Tarihi Tarsus Plajı yeni yol yatırımlarıyla hayata dönecek
Kentin turizminin gelişmesi için tarihi Tarsus Plajı’nı önümüzdeki yaz sezonunda vatandaşların hizmetine açacaklarını kaydeden Dr. Haluk Bozdoğan, “Tarsus’un yıllardır atıl durumda olan plajını vatandaşın hizmetine sunmak için hazırlıklarımız tüm hızıyla devam ediyor. Yaklaşık 12 bin 500 metre uzunluğunda olan Tarsus Plajı’na yapılan temizlik ve yol düzenlemesi çalışmaları kapsamında, sahile ulaşım mesafesini 7 dakikaya indireceğiz.

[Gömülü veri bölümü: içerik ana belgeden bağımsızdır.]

(* Let $c\in(0,1)$, $f_{\mathrm{cost}}(x)=x^c$, and $F_{\mathrm{cost}}(p)=\sum_i p(i)^c$. For every set $S$ of $m=2$ discrete probability distributions, the greedy coupling satisfies $$F_{\mathrm{cost}}(\mathcal G_S)\le\Big(1-c^{1/(1-c)}(1/c-1)\Big)^{-1}\min_C F_{\mathrm{cost}}(C),$$ where the minimum is over couplings $C$ of $S$.
   Context: A coupling of two distributions is a joint distribution with those marginals; its cost is $F_{\mathrm{cost}}$ applied to its vector of probabilities. Greedy coupling algorithm: maintain the remaining masses of the states of each distribution in $S$. Repeatedly: let $r=\min_{p\in S}\max_j p(j)$; if $r=0$ stop; otherwise append $r$ as the next state of $\mathcal G_S$ and subtract $r$ from the largest remaining state of every distribution (ties broken arbitrarily). $\mathcal G_S$ is the resulting list of state masses. *)

theory Defs
  imports Complex_Main
begin

definition is_distr :: "('a::finite \<Rightarrow> real) \<Rightarrow> bool" where
  "is_distr p \<longleftrightarrow> (\<forall>x. 0 \<le> p x) \<and> (\<Sum>x\<in>UNIV. p x) = 1"

definition is_coupling :: "('a::finite \<Rightarrow> real) \<Rightarrow> ('b::finite \<Rightarrow> real) \<Rightarrow> ('a \<times> 'b \<Rightarrow> real) \<Rightarrow> bool" where
  "is_coupling p q C \<longleftrightarrow> (\<forall>z. 0 \<le> C z)
     \<and> (\<forall>x. (\<Sum>y\<in>UNIV. C (x, y)) = p x)
     \<and> (\<forall>y. (\<Sum>x\<in>UNIV. C (x, y)) = q y)"
lemma inj_on_striped:
  assumes "2 \<le> n"
  shows "inj_on (\<lambda>(s, i). striped n s i) ({1, -1} \<times> {1, 2})"
proof (rule inj_onI, clarify)
  fix s i s' i'
  assume si: "s \<in> {1, -1}" "i \<in> {1, 2}" "s' \<in> {1, -1}" "i' \<in> {1, 2}"
    and eq: "striped n s i = striped n s' i'"
  have "1 \<in> {1..n-1}"
    using assms by simp
  from striped_at_vertex[OF this] eq si have "s = s'" "(if 1 = i then - s else s) = (if 1 = i' then - s' else s')"
    by (metis insertI1)+
  then show "s = s' \<and> i = i'"
    using si by auto
qed

lemma nflip_eq_2_iff_striped:
  assumes n: "2 \<le> n"
  shows "{mu \<in> LV n. nflip n mu = 2} = (\<lambda>(s, i). striped n s i) ` ({1, -1} \<times> {1, 2})"
proof (intro equalityI subsetI)
  fix mu
  assume "mu \<in> {mu \<in> LV n. nflip n mu = 2}"
  then have mu: "mu \<in> LV n" and "nflip n mu \<le> 2"
    by auto
  then obtain i where "i \<in> {1, 2}" "\<forall>k \<in> {1..n-1}. odd_in_row mu i k"
    using odd_in_row_if_nflip_le_2 n by blast
  moreover have "mu 0 \<in> {1, -1}"
    using LV_values[OF mu] by (simp add: creases_def)
  ultimately show "mu \<in> (\<lambda>(s, i). striped n s i) ` ({1, -1} \<times> {1, 2})"
    using eq_striped_if_odd_in_row[OF mu] by force
next
  fix mu
  assume "mu \<in> (\<lambda>(s, i). striped n s i) ` ({1, -1} \<times> {1, 2})"
  then show "mu \<in> {mu \<in> LV n. nflip n mu = 2}"
    using striped_in_LV nflip_striped n by auto
qed

theorem lemma4p5:
  shows "(\<forall>n::nat. n \<ge> 1 \<longrightarrow> Min (nflip n ` LV n) = 2)
       \<and> (\<forall>n::nat. n \<ge> 2 \<longrightarrow>
            card {mu \<in> LV n. nflip n mu = 2} = 4 \<and>
            (\<forall>mu \<in> LV n. nflip n mu = 2 \<longrightarrow> magenta n mu))"
proof (intro conjI allI impI ballI)
  fix n :: nat
  assume n: "n \<ge> 1"
  have "nflip n mu \<le> card (faces n)" for mu
    unfolding nflip_def by (rule card_mono) (auto simp: finite_faces)
  then have "finite (nflip n ` LV n)"
    by (meson atMost_iff finite_atMost finite_subset image_subsetI)
  moreover have "striped n 1 1 \<in> LV n" "nflip n (striped n 1 1) = 2"
    using striped_in_LV nflip_striped n by auto
  ultimately show "Min (nflip n ` LV n) = 2"
    using two_le_nflip[OF n] by (intro Min_eqI) force+
next
  fix n :: nat
  assume n: "n \<ge> 2"
  show "card {mu \<in> LV n. nflip n mu = 2} = 4"
    unfolding nflip_eq_2_iff_striped[OF n] card_image[OF inj_on_striped[OF n]] by simp
  fix mu
  assume mu: "mu \<in> LV n" "nflip n mu = 2"
  have "mu \<in> (\<lambda>(s, i). striped n s i) ` ({1, -1} \<times> {1, 2})"
    using mu unfolding nflip_eq_2_iff_striped[OF n, symmetric] by simp
  then obtain s i where "s \<in> {1, -1}" "i \<in> {1, 2}" "mu = striped n s i"
    by auto
  moreover have "1 \<le> n - 1"
    using n by simp
  ultimately show "magenta n mu"
    using nflip_striped restr_striped mu(2) by (simp add: magenta_def)
qed

end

Bu vesile ile Tarsuslular yıllardır atıl durumda olan plajına önümüzdeki yaz sezonunda kavuşacak. Altyapı, ulaşım ve diğer hizmetlerin bu bölgeye getirilmesi noktasında yürütülecek çalışmaların tamamlanmasının ardından plajımız vatandaşın kullanıma sunulacak. Yunus Emre Mahallesi’nden Atalar Mahallesi’ne doğru giden bağlantı yolu kavşağı ile otoyol mesafesini daha da kısaltacağız. Aynı zamanda D-400 karayolundan sahile kadar gidecek olan yolun otoyol kavşağından, denize takip edilecek yolla plaj yolunu daha aktif hale getireceğiz. Söz konusu yollar üzerinde zemin işlemleri ve yol genişletme çalışmaları devam ediyor” şeklinde konuştu.